An illustrative example of the binomial distribution

Highlighting an important distinction between the two sample sizes in a binomial sample

If you flip a fair coin independently 3 times, you can view this process in two equivalent ways:

• 3 independent Bernoulli random variables, each with a probability of heads being 0.50.

• 1 binomial random variable of 3 independent Bernoulli trials, each with a probability of heads being 0.50.

Let’s choose the second approach. You can denote this binomial random variable as

\(Y \sim Binomial(n=3, \theta=0.5)\)

Now, let’s suppose further that you repeat this process 4 times. This leads to 4 binomial random variables.

Here is a very important point: There are two different sample sizes here.

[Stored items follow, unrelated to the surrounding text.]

definition foldangle :: "real \<Rightarrow> real \<Rightarrow> real \<Rightarrow> real \<Rightarrow> real \<Rightarrow> real \<Rightarrow> nat \<Rightarrow> real" where
  "foldangle \<eta> l lam1 lam2 s \<omega> i =
     (let a = alpha \<eta> l lam1 lam2; b = beta \<eta> l lam1 lam2 in
      if inA a b s then
        (if i = 1 then - s * gamma3bar a b s \<omega>
         else if i = 2 then s * \<omega>
         else if i = 3 then gamma3bar a b s \<omega>
         else \<omega>)
      else if s = 1 then
        (if i = 1 \<or> i = 3 then 0 else \<omega>)
      else
        (if i = 1 \<or> i = 3 then \<omega> else 0))"

definition ycorner :: "real \<Rightarrow> real \<Rightarrow> real \<Rightarrow> real \<Rightarrow> real \<Rightarrow> real \<Rightarrow> nat \<Rightarrow> real^3" where
  "ycorner \<eta> l lam1 lam2 s \<omega> i =
     (let x0 = xzero \<eta> l lam1 lam2;
          R2 = Ri \<eta> l lam1 lam2 2 (foldangle \<eta> l lam1 lam2 s \<omega> 2);
          R3 = Ri \<eta> l lam1 lam2 3 (foldangle \<eta> l lam1 lam2 s \<omega> 3) in
      if i = 1 then xcorner \<eta> l 1
      else if i = 2 then xcorner \<eta> l 2
      else if i = 3 then x0 + R2 *v (xcorner \<eta> l 3 - x0)
      else x0 + (R2 ** R3) *v (xcorner \<eta> l 4 - x0))"

text \<open>Right-hand rotation about the unit vector e by angle theta (Rodrigues' formula).\<close>
definition rotax :: "real^3 \<Rightarrow> real \<Rightarrow> real^3 \<Rightarrow> real^3" where
  "rotax e \<theta> x = cos \<theta> *\<^sub>R x + sin \<theta> *\<^sub>R cross3 e x + ((1 - cos \<theta>) * (e \<bullet> x)) *\<^sub>R e"

definition Pe :: "real^3 \<Rightarrow> real^3 \<Rightarrow> real^3" where
  "Pe e x = x - (e \<bullet> x) *\<^sub>R e"

definition gmap :: "real^3 \<Rightarrow> real^3 \<Rightarrow> real \<Rightarrow> real \<Rightarrow> real^3 \<Rightarrow> real^3" where
  "gmap e z \<theta> \<tau> x = rotax e \<theta> (x - z) + \<tau> *\<^sub>R e + z"

end

theory Submission
  imports Defs
begin

text \<open>Split every point into its component along the axis e and its projection onto the plane
  orthogonal to e. The axial parts of the four helical conditions are four linear equations
  in \<open>\<tau>1, \<tau>2\<close>, equivalent to the three scalar conditions. In the plane, with
  \<open>q\<^sub>i = P\<^sub>e y\<^sub>i - z\<close>, the four rotation conditions imply the two edge conditions and
  \<open>R\<^sub>1 q\<^sub>3 = q\<^sub>2\<close>; conversely these give everything but \<open>R\<^sub>2 q\<^sub>4 = q\<^sub>3\<close>, whose defect is a
  planar vector fixed by \<open>R\<^sub>1\<close> (rotations about e commute), hence zero because \<open>\<theta>1 \<noteq> 0\<close>.\<close>

lemma rotax_add: "rotax e t (x + y) = rotax e t x + rotax e t y"
  unfolding rotax_def by (simp add: cross_add_right algebra_simps)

• n = 3, the number of Bernoulli trials within each binomial variable

• k = 4, the number of binomial random variables in this sample

When working with the binomial distribution, make sure that you distinguish between these two sample sizes. (Strictly speaking, n is a parameter of the binomial distribution, and k is the sample size.)

When describing a sample of binomial random variables with mathematical notation, it is common to use a letter such as i as the index for the random variables in the sample. In this case, I can write this sample as

\(Y_i \stackrel{iid}{\sim} \text{Binomial}(n=3, \theta=0.5); \ i = 1, 2, 3, 4\)

It took me a while to fully absorb these details - especially the two different sample sizes. I encourage you to inspect this example carefully and write the probability mass function (PMF) explicitly to fully grasp this important distribution.